- Type: Sequence
- Sub-units: Cayugan Series
- Underlies: Kaskaskia sequence
- Overlies: Sauk sequence

Lithology
- Primary: Carbonates

Location
- Country: United States Canada

= Tippecanoe sequence =

The Tippecanoe sequence was the cratonic sequence or the marine transgression following the Sauk sequence; it extended from roughly the Middle Ordovician to the Early Devonian. The Tippecanoe is bound by two Unconformities, at the base by the Knox Unconformity, and at its top the Wallbridge Unconformity.

==Sedimentary characteristics==

After the regression of the Sauk Sea early in the Ordovician, the exposed craton for a time underwent vigorous erosion, due to being located in a tropical climate; indeed, at this point in the Paleozoic the North American continent roughly straddled the equator.

The Tippecanoe transgression ended this period of erosion, beginning with the deposition of clean sandstones across the craton, followed by abundant carbonate deposition.
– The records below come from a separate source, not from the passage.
(* Let $G_n$ be the $n\times n$ honeycomb lattice embedded in a torus, and consider the set $\Omega$ of configurations of the 1-2 model on $G_n$, i.e. edge subsets $X$ such that every vertex is incident to exactly one or exactly two edges of $X$. Then any two elements of $\Omega$ can be connected by a finite sequence of elements of $\Omega$ in which consecutive elements differ by adding or deleting a single edge. Consequently the Markov chain on $\Omega$ that moves from $X$ to each such neighbour with positive probability (and stays put otherwise), as used for Glauber dynamics of the 1-2 model with signature $(0,c,b,a,a,b,c,0)$, $a,b,c>0$, is irreducible.
   Context: The 1-2 model is the vertex model on the honeycomb lattice whose signature at every vertex is $(0,c,b,a,a,b,c,0)$, indexed by the local configurations $000,001,\dots,111$ of the incident $(a,b,c)$-edges, with $a,b,c>0$; so the allowed configurations are exactly those with one or two edges present at each vertex. *)

theory Defs
  imports Complex_Main
begin

text \<open>An edge is identified by its black endpoint and its type, so that the edge set
is a set of 3n^2 distinct edges even for small n (where parallel edges occur).\<close>

datatype vtx = Black nat nat | White nat nat
datatype etype = EA | EB | EC

type_synonym edge = "nat \<times> nat \<times> etype"

definition hc_vertices :: "nat \<Rightarrow> vtx set" where
  "hc_vertices n = {Black i j | i j. i < n \<and> j < n} \<union> {White i j | i j. i < n \<and> j < n}"

definition hc_edges :: "nat \<Rightarrow> edge set" where
  "hc_edges n = {(i, j, t) | i j t. i < n \<and> j < n}"

fun white_end :: "nat \<Rightarrow> edge \<Rightarrow> vtx" where
  "white_end n (i, j, EA) = White i j"
| "white_end n (i, j, EB) = White ((i + 1) mod n) j"
| "white_end n (i, j, EC) = White i ((j + 1) mod n)"

definition hc_ends :: "nat \<Rightarrow> edge \<Rightarrow> vtx set" where
  "hc_ends n e = {Black (fst e) (fst (snd e)), white_end n e}"

definition hc_deg :: "nat \<Rightarrow> edge set \<Rightarrow> vtx \<Rightarrow> nat" where
  "hc_deg n X v = card {e \<in> X. v \<in> hc_ends n e}"

definition one_two_configs :: "nat \<Rightarrow> edge set set" where
  "one_two_configs n = {X. X \<subseteq> hc_edges n \<and>
      (\<forall>v \<in> hc_vertices n. hc_deg n X v = 1 \<or> hc_deg n X v = 2)}"

definition one_edge_apart :: "nat \<Rightarrow> edge set \<Rightarrow> edge set \<Rightarrow> bool" where
  "one_edge_apart n X Y \<longleftrightarrow> (\<exists>e \<in> hc_edges n. Y = X \<union> {e} \<and> e \<notin> X \<or> Y = X - {e} \<and> e \<in> X)"

end

theory Submission
  imports Defs
begin

text \<open>
  Let \<open>A\<close> be the set of all a-edges, a perfect matching of the
  honeycomb torus. We show that every configuration
  \<open>X \<noteq> A\<close> has a neighbour in \<Omega> strictly closer to \<open>A\<close>, measured by the size of the
  symmetric difference \<open>X \<triangle> A\<close>. The only candidate moves are deleting a non-a edge
  of \<open>X\<close> whose two endpoints have degree 2, or adding a missing a-edge whose two
  endpoints have degree 1. If neither move is possible ("blocked" configuration),
  a double counting shows \<open>X = A\<close>: the set \<open>C\<close> of degree-2 vertices whose a-edge
  is missing injects, twice over, into the set \<open>L\<close> of degree-1 vertices whose
  a-edge is missing, while \<open>L\<close> injects into \<open>C\<close> via the a-partner; so \<open>C = {}\<close>,
  which forces \<open>A \<subseteq> X\<close> and then \<open>X \<subseteq> A\<close>.
\<close>

definition black_end :: "edge \<Rightarrow> vtx" where
  "black_end e = Black (fst e) (fst (snd e))"

text \<open>The endpoint of \<open>e\<close> different from \<open>u\<close> (meaningful when \<open>u\<close> is an endpoint).\<close>
definition opp :: "nat \<Rightarrow> vtx \<Rightarrow> edge \<Rightarrow> vtx" where
  "opp n u e = (if u = black_end e then white_end n e else black_end e)"

lemma black_end_ne_white_end: "black_end e \<noteq> white_end n e"
  by (cases e; cases "snd (snd e)") (auto simp: black_end_def)

lemma ends_opp:
  assumes "u \<in> hc_ends n e"
  shows "hc_ends n e = {u, opp n u e}" "opp n u e \<noteq> u" "opp n (opp n u e) e = u"
  using assms black_end_ne_white_end[of e n]
  unfolding hc_ends_def opp_def black_end_def[symmetric] by auto

lemma ends_in_vertices:
  assumes "n \<ge> 1" "e \<in> hc_edges n"
  shows "hc_ends n e \<subseteq> hc_vertices n"
proof -
  obtain i j t where "e = (i, j, t)" "i < n" "j < n"
    using assms(2) by (auto simp: hc_edges_def)
  with assms(1) show ?thesis by (cases t) (auto simp: hc_ends_def hc_vertices_def)
qed

lemma finite_hc_edges: "finite (hc_edges n)"
proof -
  have types: "(UNIV :: etype set) = {EA, EB, EC}" using etype.exhaust by blast
  have "hc_edges n = {..<n} \<times> {..<n} \<times> UNIV" by (auto simp: hc_edges_def)
  then show ?thesis by (simp add: types)
qed

lemma finite_hc_vertices: "finite (hc_vertices n)"
  unfolding hc_vertices_def by (simp add: finite_image_set2)

section \<open>The perfect matching of a-edges\<close>

fun a_edge :: "vtx \<Rightarrow> edge" where
  "a_edge (Black i j) = (i, j, EA)"
| "a_edge (White i j) = (i, j, EA)"

fun partner :: "vtx \<Rightarrow> vtx" where
  "partner (Black i j) = White i j"
| "partner (White i j) = Black i j"

definition a_edges :: "nat \<Rightarrow> edge set" where
  "a_edges n = {e \<in> hc_edges n. snd (snd e) = EA}"

lemma a_edge_type [simp]: "snd (snd (a_edge v)) = EA"
  by (cases v) auto

lemma a_edge_facts:
  assumes "v \<in> hc_vertices n"
  shows "a_edge v \<in> a_edges n" "hc_ends n (a_edge v) = {v, partner v}"
    "partner v \<in> hc_vertices n" "a_edge (partner v) = a_edge v"
  using assms by (auto simp: hc_vertices_def a_edges_def hc_edges_def hc_ends_def)

lemma a_edge_unique:
  assumes "snd (snd e) = EA" "u \<in> hc_ends n e"
  shows "e = a_edge u"
  using assms by (cases e) (auto simp: hc_ends_def)

lemma inj_partner: "inj partner"
  by (rule injI) (case_tac x; case_tac y; auto)
text \<open>The \<delta>/3-thickenings W of the members are disjoint and open, so the complement of the union
  is the closed set outside all W together with the uniformly separated union of the sets
  W \<xi> - M \<xi>, which have class j again.\<close>

lemma add_class_at_Compl_Union_separated:
  fixes M :: "'k \<Rightarrow> 'a::metric_space set"
  assumes r: "Well_order r"
    and closed_under: "\<And>\<delta>' (N::'k \<Rightarrow> 'a set). \<delta>' > 0 \<Longrightarrow> uniformly_separated \<delta>' N \<Longrightarrow>
                         (\<And>\<xi>. N \<xi> \<in> add_class_at r j) \<Longrightarrow> \<Union>(range N) \<in> add_class_at r j"
    and "\<delta> > 0" "uniformly_separated \<delta> M" "\<And>\<xi>. - M \<xi> \<in> add_class_at r j"
  shows "- \<Union>(range M) \<in> add_class_at r j"
proof (cases "underS r j = {}")
  case True
  have "closed (M \<xi>)" for \<xi>
    using assms(5)[of \<xi>] by (simp add: add_class_at_base[OF r True] closed_open)
  then have "closed (\<Union>(range M))"
    by (rule closed_Union_uniformly_separated[OF assms(3,4)])
  then show ?thesis
    using open_Compl add_class_at_base[OF r True] by blast
next
  case False
  define W where "W \<xi> = (\<Union>s\<in>M \<xi>. ball s (\<delta>/3))" for \<xi>
  have W: "uniformly_separated (\<delta>/3) W"
    unfolding W_def by (rule uniformly_separated_thickening[OF assms(4)])
  have MW: "M \<xi> \<subseteq> W \<xi>" for \<xi>
    using \<open>\<delta> > 0\<close> by (force simp: W_def)
  have "\<xi> = \<eta>" if "t \<in> W \<xi>" "t \<in> W \<eta>" for t \<xi> \<eta>
    using uniformly_separated_index_eq[OF W that] \<open>\<delta> > 0\<close> by simp
  with MW have eq: "- \<Union>(range M) = - \<Union>(range W) \<union> (\<Union>\<xi>. W \<xi> \<inter> - M \<xi>)"
    by (rule Compl_Union_eq_disjoint_cover)
  have U: "(\<Union>\<xi>. W \<xi> \<inter> - M \<xi>) \<in> add_class_at r j"
  proof (rule closed_under)
    show "uniformly_separated (\<delta>/3) (\<lambda>\<xi>. W \<xi> \<inter> - M \<xi>)"
      by (rule uniformly_separated_mono[OF W]) auto
    show "W \<xi> \<inter> - M \<xi> \<in> add_class_at r j" for \<xi>
      using add_class_at_Int_open[OF r assms(5), of "W \<xi>"] by (auto simp: W_def Int_commute)
  qed (use \<open>\<delta> > 0\<close> in simp)
  have "closed (- \<Union>(range W))"
    unfolding W_def by (intro closed_Compl open_UN ballI open_ball)
  then have "sigma_class r (underS r j) (- \<Union>(range W) \<union> (\<Union>\<xi>. W \<xi> \<inter> - M \<xi>))"
    using U unfolding add_class_at_iff_sigma_class[OF r False]
    by (rule countable_union_of_Un[OF sigma_class_closed[OF r False]])
  then show ?thesis
    unfolding eq by (simp only: add_class_at_iff_sigma_class[OF r False])
qed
In the east these carbonates gradually become shales, representing sediments eroded from highlands created in the Taconic orogeny.

The Tippecanoe sequence may have been the deepest of the Paleozoic. At one point during the Silurian period, the Taconic highlands, were the only part of North America that was not submerged. The massive evaporite deposits of the Michigan Basin and parts of the Appalachian Basin were formed during this period.

The Tippecanoe sequence ended with a regression in the early Devonian, to be followed later by the Kaskaskia sequence.